- Exercise input -
::::::::

(* Let $P$ be a continuous poset and $M$ a persistence module over $P$. The following are equivalent: (i) $M$ is ephemeral; (ii) $\overline M=0$; (iii) $\underline M=0$.
   Context: Let $P$ be a poset. A subset is directed if nonempty and any two elements have an upper bound in it. $x\ll y$ ($x$ way below $y$) means: for every directed $D$ whose supremum exists with $y\le\sup D$, some $d\in D$ satisfies $x\le d$. $P$ is continuous if for each $p$ the set $\{x:x\ll p\}$ is directed with supremum $p$. $k$ is a commutative ring with unity; a persistence module over $P$ is a functor $M$ from $P$ (as a category) to $k$-modules. Define persistence modules $\underline M_p=\varprojlim_{x\gg p}M_x$ and $\overline M_p=\varinjlim_{x\ll p}M_x$. $M$ is ephemeral if $M(p\le q)=0$ for all $p\ll q$. *)

theory Defs
  imports Complex_Main
begin

definition directed :: "'p::order set \<Rightarrow> bool" where
  "directed D \<longleftrightarrow> D \<noteq> {} \<and> (\<forall>x\<in>D. \<forall>y\<in>D. \<exists>z\<in>D. x \<le> z \<and> y \<le> z)"

definition is_sup :: "'p::order set \<Rightarrow> 'p \<Rightarrow> bool" where
  "is_sup D s \<longleftrightarrow> (\<forall>d\<in>D. d \<le> s) \<and> (\<forall>u. (\<forall>d\<in>D. d \<le> u) \<longrightarrow> s \<le> u)"

definition way_below :: "'p::order \<Rightarrow> 'p \<Rightarrow> bool" (infix "\<lless>" 50) where
  "x \<lless> y \<longleftrightarrow> (\<forall>D. directed D \<longrightarrow> (\<forall>s. is_sup D s \<longrightarrow> y \<le> s \<longrightarrow> (\<exists>d\<in>D. x \<le> d)))"

definition continuous_poset :: "'p::order itself \<Rightarrow> bool" where
  "continuous_poset _ \<longleftrightarrow>
     (\<forall>p::'p. directed {x. x \<lless> p} \<and> is_sup {x. x \<lless> p} p)"

definition pers_module ::
  "('k::comm_ring_1 \<Rightarrow> 'v::ab_group_add \<Rightarrow> 'v) \<Rightarrow> ('p::order \<Rightarrow> 'v set) \<Rightarrow> ('p \<Rightarrow> 'p \<Rightarrow> 'v \<Rightarrow> 'v) \<Rightarrow> bool"
where
  "pers_module scale V f \<longleftrightarrow>
     module scale \<and>
     (\<forall>p. module.subspace scale (V p)) \<and>
     (\<forall>p q. p \<le> q \<longrightarrow>
        (\<forall>v\<in>V p. f p q v \<in> V q) \<and>
        (\<forall>v\<in>V p. \<forall>w\<in>V p. f p q (v + w) = f p q v + f p q w) \<and>
        (\<forall>c. \<forall>v\<in>V p. f p q (scale c v) = scale c (f p q v))) \<and>
     (\<forall>p. \<forall>v\<in>V p. f p p v = v) \<and>
     (\<forall>p q r. p \<le> q \<longrightarrow> q \<le> r \<longrightarrow> (\<forall>v\<in>V p. f q r (f p q v) = f p r v))"

definition ephemeral ::
  "('p::order \<Rightarrow> 'v::zero set) \<Rightarrow> ('p \<Rightarrow> 'p \<Rightarrow> 'v \<Rightarrow> 'v) \<Rightarrow> bool" where
  "ephemeral V f \<longleftrightarrow> (\<forall>p q. p \<lless> q \<longrightarrow> (\<forall>v\<in>V p. f p q v = 0))"

section \<open>The limit lim_{x >> p} M_x (standard construction: compatible families)\<close>

definition lower_lim :: "('p::order \<Rightarrow> 'v::zero set) \<Rightarrow> ('p \<Rightarrow> 'p \<Rightarrow> 'v \<Rightarrow> 'v) \<Rightarrow> 'p \<Rightarrow> ('p \<Rightarrow> 'v) set"
where
  "lower_lim V f p = {g. (\<forall>x. p \<lless> x \<longrightarrow> g x \<in> V x) \<and> (\<forall>x. \<not> p \<lless> x \<longrightarrow> g x = 0) \<and>
      (\<forall>x y. p \<lless> x \<longrightarrow> p \<lless> y \<longrightarrow> x \<le> y \<longrightarrow> f x y (g x) = g y)}"

definition lower_zero :: "('p::order \<Rightarrow> 'v::zero set) \<Rightarrow> ('p \<Rightarrow> 'p \<Rightarrow> 'v \<Rightarrow> 'v) \<Rightarrow> bool" where
  "lower_zero V f \<longleftrightarrow> (\<forall>p. lower_lim V f p = {\<lambda>_. 0})"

::::::::

- Description of the task -
Set the entries down again precisely as they were given.

- Problem solution -
(* Let $P$ be a continuous poset and $M$ a persistence module over $P$. The following are equivalent: (i) $M$ is ephemeral; (ii) $\overline M=0$; (iii) $\underline M=0$.
   Context: Let $P$ be a poset. A subset is directed if nonempty and any two elements have an upper bound in it. $x\ll y$ ($x$ way below $y$) means: for every directed $D$ whose supremum exists with $y\le\sup D$, some $d\in D$ satisfies $x\le d$. $P$ is continuous if for each $p$ the set $\{x:x\ll p\}$ is directed with supremum $p$. $k$ is a commutative ring with unity; a persistence module over $P$ is a functor $M$ from $P$ (as a category) to $k$-modules. Define persistence modules $\underline M_p=\varprojlim_{x\gg p}M_x$ and $\overline M_p=\varinjlim_{x\ll p}M_x$. $M$ is ephemeral if $M(p\le q)=0$ for all $p\ll q$. *)

theory Defs
  imports Complex_Main
begin

definition directed :: "'p::order set \<Rightarrow> bool" where
  "directed D \<longleftrightarrow> D \<noteq> {} \<and> (\<forall>x\<in>D. \<forall>y\<in>D. \<exists>z\<in>D. x \<le> z \<and> y \<le> z)"

definition is_sup :: "'p::order set \<Rightarrow> 'p \<Rightarrow> bool" where
  "is_sup D s \<longleftrightarrow> (\<forall>d\<in>D. d \<le> s) \<and> (\<forall>u. (\<forall>d\<in>D. d \<le> u) \<longrightarrow> s \<le> u)"

definition way_below :: "'p::order \<Rightarrow> 'p \<Rightarrow> bool" (infix "\<lless>" 50) where
  "x \<lless> y \<longleftrightarrow> (\<forall>D. directed D \<longrightarrow> (\<forall>s. is_sup D s \<longrightarrow> y \<le> s \<longrightarrow> (\<exists>d\<in>D. x \<le> d)))"

definition continuous_poset :: "'p::order itself \<Rightarrow> bool" where
  "continuous_poset _ \<longleftrightarrow>
     (\<forall>p::'p. directed {x. x \<lless> p} \<and> is_sup {x. x \<lless> p} p)"

definition pers_module ::
  "('k::comm_ring_1 \<Rightarrow> 'v::ab_group_add \<Rightarrow> 'v) \<Rightarrow> ('p::order \<Rightarrow> 'v set) \<Rightarrow> ('p \<Rightarrow> 'p \<Rightarrow> 'v \<Rightarrow> 'v) \<Rightarrow> bool"
where
  "pers_module scale V f \<longleftrightarrow>
     module scale \<and>
     (\<forall>p. module.subspace scale (V p)) \<and>
     (\<forall>p q. p \<le> q \<longrightarrow>
        (\<forall>v\<in>V p. f p q v \<in> V q) \<and>
        (\<forall>v\<in>V p. \<forall>w\<in>V p. f p q (v + w) = f p q v + f p q w) \<and>
        (\<forall>c. \<forall>v\<in>V p. f p q (scale c v) = scale c (f p q v))) \<and>
     (\<forall>p. \<forall>v\<in>V p. f p p v = v) \<and>
     (\<forall>p q r. p \<le> q \<longrightarrow> q \<le> r \<longrightarrow> (\<forall>v\<in>V p. f q r (f p q v) = f p r v))"

definition ephemeral ::
  "('p::order \<Rightarrow> 'v::zero set) \<Rightarrow> ('p \<Rightarrow> 'p \<Rightarrow> 'v \<Rightarrow> 'v) \<Rightarrow> bool" where
  "ephemeral V f \<longleftrightarrow> (\<forall>p q. p \<lless> q \<longrightarrow> (\<forall>v\<in>V p. f p q v = 0))"

section \<open>The limit lim_{x >> p} M_x (standard construction: compatible families)\<close>

definition lower_lim :: "('p::order \<Rightarrow> 'v::zero set) \<Rightarrow> ('p \<Rightarrow> 'p \<Rightarrow> 'v \<Rightarrow> 'v) \<Rightarrow> 'p \<Rightarrow> ('p \<Rightarrow> 'v) set"
where
  "lower_lim V f p = {g. (\<forall>x. p \<lless> x \<longrightarrow> g x \<in> V x) \<and> (\<forall>x. \<not> p \<lless> x \<longrightarrow> g x = 0) \<and>
      (\<forall>x y. p \<lless> x \<longrightarrow> p \<lless> y \<longrightarrow> x \<le> y \<longrightarrow> f x y (g x) = g y)}"

definition lower_zero :: "('p::order \<Rightarrow> 'v::zero set) \<Rightarrow> ('p \<Rightarrow> 'p \<Rightarrow> 'v \<Rightarrow> 'v) \<Rightarrow> bool" where
  "lower_zero V f \<longleftrightarrow> (\<forall>p. lower_lim V f p = {\<lambda>_. 0})"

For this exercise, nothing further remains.